今回、筆者は、約8万円を支払って、互換性やパフォーマンスの面で未知なる新製品を購入するというリスクを負った。その選択が正しかったことを無意識下で自己肯定する過程で、偏向的思考でM1 Macに接していた可能性を完全否定する自信はない。
もちろん、前回や今回の検証結果が、真実であることに一点の曇りはない。ただ、今回のテスト結果を受け、今後、このような記事を書くことに対し、冷静な目で接する必要を痛感した。
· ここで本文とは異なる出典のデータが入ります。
lemma l2sq_nonneg: "0 \<le> h \<Longrightarrow> inL2 u \<Longrightarrow> 0 \<le> l2sq h u"
  unfolding l2sq_def inL2_def by (intro mult_nonneg_nonneg suminf_nonneg) auto

lemma partial_sum_le_l2sq:
  "0 \<le> h \<Longrightarrow> inL2 u \<Longrightarrow> h * (\<Sum>n<N. (u (Suc n))\<^sup>2) \<le> l2sq h u"
  unfolding l2sq_def inL2_def by (intro mult_left_mono sum_le_suminf) auto

lemma l2sq_le_of_partial_sums:
  assumes h: "0 < h" and partial: "\<And>N. h * (\<Sum>n<N. (u (Suc n))\<^sup>2) \<le> X"
  shows "inL2 u" "l2sq h u \<le> X"
proof -
  have bound: "(\<Sum>n<N. (u (Suc n))\<^sup>2) \<le> X / h" for N
    using partial[of N] h by (simp add: field_simps)
  show L2: "inL2 u"
    unfolding inL2_def by (rule summableI_nonneg_bounded[OF _ bound]) simp
  have "(\<Sum>n. (u (Suc n))\<^sup>2) \<le> X / h"
    using L2 unfolding inL2_def by (rule suminf_le_const[OF _ bound])
  then show "l2sq h u \<le> X"
    unfolding l2sq_def using h by (simp add: field_simps)
qed

lemma l2sq_le_of_abs_le:
  assumes h: "0 < h" and v: "inL2 v" and w: "inL2 w"
    and bound: "\<And>k. \<bar>u k\<bar> \<le> a * \<bar>v k\<bar> + b * \<bar>w k\<bar>"
  shows "inL2 u" "l2sq h u \<le> 2 * a\<^sup>2 * l2sq h v + 2 * b\<^sup>2 * l2sq h w"
proof -
  have pointwise: "(u k)\<^sup>2 \<le> 2 * a\<^sup>2 * (v k)\<^sup>2 + 2 * b\<^sup>2 * (w k)\<^sup>2" for k
  proof -
    have "(u k)\<^sup>2 \<le> (a * \<bar>v k\<bar> + b * \<bar>w k\<bar>)\<^sup>2"
      using power_mono[OF bound[of k], of 2] by simp
    also have "\<dots> \<le> 2 * a\<^sup>2 * (v k)\<^sup>2 + 2 * b\<^sup>2 * (w k)\<^sup>2"
      using zero_le_power2[of "a * \<bar>v k\<bar> - b * \<bar>w k\<bar>"]
      by (simp add: power2_eq_square algebra_simps)
    finally show ?thesis .
  qed
  have "h * (\<Sum>n<N. (u (Suc n))\<^sup>2)
      \<le> 2 * a\<^sup>2 * (h * (\<Sum>n<N. (v (Suc n))\<^sup>2)) + 2 * b\<^sup>2 * (h * (\<Sum>n<N. (w (Suc n))\<^sup>2))" for N
  proof -
    have "(\<Sum>n<N. (u (Suc n))\<^sup>2) \<le> (\<Sum>n<N. 2 * a\<^sup>2 * (v (Suc n))\<^sup>2 + 2 * b\<^sup>2 * (w (Suc n))\<^sup>2)"
      by (intro sum_mono pointwise)
    from mult_left_mono[OF this, of h] h show ?thesis
      by (simp add: sum.distrib sum_distrib_left algebra_simps)
  qed
  also have "\<dots> N \<le> 2 * a\<^sup>2 * l2sq h v + 2 * b\<^sup>2 * l2sq h w" for N
    using h v w by (intro add_mono mult_left_mono partial_sum_le_l2sq) auto
  finally show "inL2 u" "l2sq h u \<le> 2 * a\<^sup>2 * l2sq h v + 2 * b\<^sup>2 * l2sq h w"
    using l2sq_le_of_partial_sums[OF h] by blast+
qed

lemma l2sq_scale:
  assumes "inL2 u"
  shows "inL2 (\<lambda>k. c * u k)" "l2sq h (\<lambda>k. c * u k) = c\<^sup>2 * l2sq h u"
  using assms summable_mult[of _ "c\<^sup>2"] suminf_mult[of _ "c\<^sup>2"]
  unfolding inL2_def l2sq_def by (simp_all add: power_mult_distrib)

lemma Dp_integral:
  assumes "\<And>k. (\<lambda>\<tau>. f \<tau> k) integrable_on S"
  shows "Dp h (\<lambda>k. integral S (\<lambda>\<tau>. f \<tau> k)) k = integral S (\<lambda>\<tau>. Dp h (f \<tau>) k)"
proof -
  have "Dp h (\<lambda>k. integral S (\<lambda>\<tau>. f \<tau> k)) k
      = (1 / h) * (integral S (\<lambda>\<tau>. f \<tau> (Suc k)) - integral S (\<lambda>\<tau>. f \<tau> k))"
    by (simp add: Dp_def)
  also have "\<dots> = integral S (\<lambda>\<tau>. (1 / h) *\<^sub>R (f \<tau> (Suc k) - f \<tau> k))"
    by (subst integral_cmul, subst integral_diff[OF assms assms]) simp
  also have "\<dots> = integral S (\<lambda>\<tau>. Dp h (f \<tau>) k)"
    by (simp add: Dp_def divide_inverse mult.commute)
  finally show ?thesis .
qed

lemma l2sq_integral_le:
  fixes W :: "real \<Rightarrow> nat \<Rightarrow> real"
  assumes h: "0 < h" and ab: "a \<le> b"
    and W: "\<And>k. (\<lambda>\<tau>. W \<tau> k) integrable_on {a..b}"
    and W2: "\<And>k. (\<lambda>\<tau>. (W \<tau> k)\<^sup>2) integrable_on {a..b}"
    and W_L2: "\<And>\<tau>. \<tau> \<in> {a..b} \<Longrightarrow> inL2 (W \<tau>)"
    and F: "F integrable_on {a..b}" and W_F: "\<And>\<tau>. \<tau> \<in> {a..b} \<Longrightarrow> l2sq h (W \<tau>) \<le> F \<tau>"
  shows "inL2 (\<lambda>k. integral {a..b} (\<lambda>\<tau>. W \<tau> k))"
    "l2sq h (\<lambda>k. integral {a..b} (\<lambda>\<tau>. W \<tau> k)) \<le> (b - a) * integral {a..b} F"
proof -
  define P where "P N \<tau> = h * (\<Sum>n<N. (W \<tau> (Suc n))\<^sup>2)" for N \<tau>
  have sum_W2: "(\<lambda>\<tau>. \<Sum>n<N. (W \<tau> (Suc n))\<^sup>2) integrable_on {a..b}" for N
    using W2 by (intro integrable_sum) auto
  have P: "P N integrable_on {a..b}" for N
    using integrable_cmul[OF sum_W2, of h] unfolding P_def by simp
  have P_integral: "integral {a..b} (P N) = h * (\<Sum>n<N. integral {a..b} (\<lambda>\<tau>. (W \<tau> (Suc n))\<^sup>2))" for N
    unfolding P_def integral_mult[OF sum_W2, symmetric] using W2 by (simp add: integral_sum)
  have P_le_F: "P N \<tau> \<le> F \<tau>" if "\<tau> \<in> {a..b}" for N \<tau>
    unfolding P_def using partial_sum_le_l2sq[OF less_imp_le[OF h] W_L2[OF that], of N] W_F[OF that]
    by linarith
  have "h * (\<Sum>n<N. (integral {a..b} (\<lambda>\<tau>. W \<tau> (Suc n)))\<^sup>2)
      \<le> h * (\<Sum>n<N. (b - a) * integral {a..b} (\<lambda>\<tau>. (W \<tau> (Suc n))\<^sup>2))" for N
    using h ab by (intro mult_left_mono sum_mono integral_square_le W W2) auto
  also have "\<dots> N = (b - a) * integral {a..b} (P N)" for N
    unfolding P_integral by (simp add: sum_distrib_left algebra_simps)
  also have "\<dots> N \<le> (b - a) * integral {a..b} F" for N
    using ab P_le_F by (intro mult_left_mono integral_le[OF P F]) auto
  finally show "inL2 (\<lambda>k. integral {a..b} (\<lambda>\<tau>. W \<tau> k))"
    "l2sq h (\<lambda>k. integral {a..b} (\<lambda>\<tau>. W \<tau> k)) \<le> (b - a) * integral {a..b} F"
    using l2sq_le_of_partial_sums[OF h, of "\<lambda>k. integral {a..b} (\<lambda>\<tau>. W \<tau> k)"] by blast+
qed

lemma abs_divide_le_self:
  fixes x d :: real
  assumes "1 \<le> d"
  shows "\<bar>x / d\<bar> \<le> \<bar>x\<bar>"
  using assms mult_left_mono[OF assms, of "\<bar>x\<bar>"] by (simp add: abs_divide divide_le_eq)

definition gmap :: "real \<Rightarrow> real \<Rightarrow> real \<Rightarrow> real \<Rightarrow> real" where
  "gmap B lam c y = c / (1 + (1 + B * c) * (exp (lam * y) - 1))"

lemma gfun_eq_gmap: "gfun B lam c0 f t k = gmap B lam (c0 k) (integral {0..t} (\<lambda>\<tau>. f \<tau> k))"
  unfolding gfun_def gmap_def phi_def Acoef_def by (simp add: algebra_simps)

lemma gmap_zero [simp]: "gmap B lam c 0 = c"
  by (simp add: gmap_def)

lemma gmap_denominator_ge_one:
  fixes B c lam y :: real
  assumes "0 \<le> 1 + B * c" "0 \<le> lam * y"
  shows "1 \<le> 1 + (1 + B * c) * (exp (lam * y) - 1)"
proof -
  have "0 \<le> exp (lam * y) - 1"
    using one_le_exp_iff[THEN iffD2, OF assms(2)] by simp
  with assms(1) show ?thesis
    by simp
qed
lemma rank_strict_mono:
  assumes a: "a \<in> V" and x: "x \<in> V" and y: "y \<in> V" and xy: "le x y" "x \<noteq> y"
  shows "rank a x < rank a y"
proof -
  consider "le a x" | "\<not> le a x" "le a y" | "\<not> le a x" "\<not> le a y" by blast
  then show ?thesis
  proof cases
    case 1
    then have ay: "le a y" using trans[OF a x y] xy by blast
    have "interval a x \<subseteq> interval a y"
      using trans[OF _ x y] xy unfolding interval_def by blast
    moreover have "y \<in> interval a y" "y \<notin> interval a x"
      using ay y refl antisym[OF x y] xy unfolding interval_def by auto
    ultimately have "interval a x \<subset> interval a y" by blast
    then show ?thesis using 1 ay card_interval_psubset[OF a y] unfolding rank_def by simp
  next
    case 2
    then show ?thesis using rank_neg[OF a x] rank_nonneg[OF a y] by simp
  next
    case 3
    have "interval y a \<subseteq> interval x a"
      using trans[OF x y] xy unfolding interval_def by blast
    moreover have "x \<in> interval x a" "x \<notin> interval y a"
      using 3 total[OF a x] x refl antisym[OF x y] xy unfolding interval_def by auto
    ultimately have "interval y a \<subset> interval x a" by blast
    then show ?thesis using 3 card_interval_psubset[OF x a] unfolding rank_def by simp
  qed
qed

lemma rank_le_iff:
  assumes a: "a \<in> V" and x: "x \<in> V" and y: "y \<in> V"
  shows "rank a x \<le> rank a y \<longleftrightarrow> le x y"
proof
  assume "le x y"
  then show "rank a x \<le> rank a y" using rank_strict_mono[OF a x y] by (cases "x = y") auto
next
  assume "rank a x \<le> rank a y"
  then show "le x y" using rank_strict_mono[OF a y x] total[OF x y] by fastforce
qed

lemma inj_on_rank: "a \<in> V \<Longrightarrow> inj_on (rank a) V"
proof (rule inj_onI)
  fix x y assume "a \<in> V" "x \<in> V" "y \<in> V" "rank a x = rank a y"
  then show "x = y" using rank_le_iff antisym by (metis order.refl)
qed

lemma card_rank_image_interval:
  "a \<in> V \<Longrightarrow> x \<in> V \<Longrightarrow> y \<in> V \<Longrightarrow> card (rank a ` interval x y) = card (interval x y)"
  by (rule card_image, rule inj_on_subset[OF inj_on_rank]) (auto simp: interval_def)

text \<open>The image lies between the end ranks and, rank being injective, has exactly as
many elements as that integer interval; so it is the whole integer interval.\<close>

lemma rank_image_interval_above:
  assumes a: "a \<in> V" and z: "z \<in> V" and "le a z"
  shows "rank a ` interval a z = {0..rank a z}"
proof (rule card_subset_eq)
  show "rank a ` interval a z \<subseteq> {0..rank a z}"
  proof (rule image_subsetI)
    fix w assume "w \<in> interval a z"
    then show "rank a w \<in> {0..rank a z}"
      using a z rank_le_iff[of a a w] rank_le_iff[of a w z] rank_self[OF a]
      unfolding interval_def by auto
  qed
  show "card (rank a ` interval a z) = card {0..rank a z}"
    using assms card_rank_image_interval unfolding rank_def by simp
qed simp

lemma rank_image_interval_below:
  assumes a: "a \<in> V" and z: "z \<in> V" and "\<not> le a z"
  shows "rank a ` interval z a = {rank a z..0}"
proof (rule card_subset_eq)
  show "rank a ` interval z a \<subseteq> {rank a z..0}"
  proof (rule image_subsetI)
    fix w assume "w \<in> interval z a"
    then show "rank a w \<in> {rank a z..0}"
      using a z rank_le_iff[of a z w] rank_le_iff[of a w a] rank_self[OF a]
      unfolding interval_def by auto
  qed
  show "card (rank a ` interval z a) = card {rank a z..0}"
    using assms card_rank_image_interval unfolding rank_def by simp
qed simp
それと同時に次のような考えも浮かんだ。筆者のように1980年代からMacを使い続けていると、米Motorola製CPU「MC68000」系からPowerPCへの移行、そして、PowerPCからIntel製CPUへの移行と、2度の大変革を経験している。その変革期において、一般ユーザーや、ソフトウェア開発者は、程度の差こそあれ、アーキテクチャの変更による機会損失や金銭的なリスクを受諾してきた。
今回、Appleは2年の移行期間を設けるとアナウンスしているが、場合によっては、ソフトウェアや周辺機器の買い替えといった対応を迫られる可能性はゼロではない。そのような事態に直面したときでも、Appleには「Apple Siliconに移行してよかったね」と言われるような施策を引き続きお願いしたいものだ。
次回は、M1 Macにおける、サンプリング型のソフトウェア音源と、モデリング型の音源についての雑感や、諸々の話題について語る予定だ。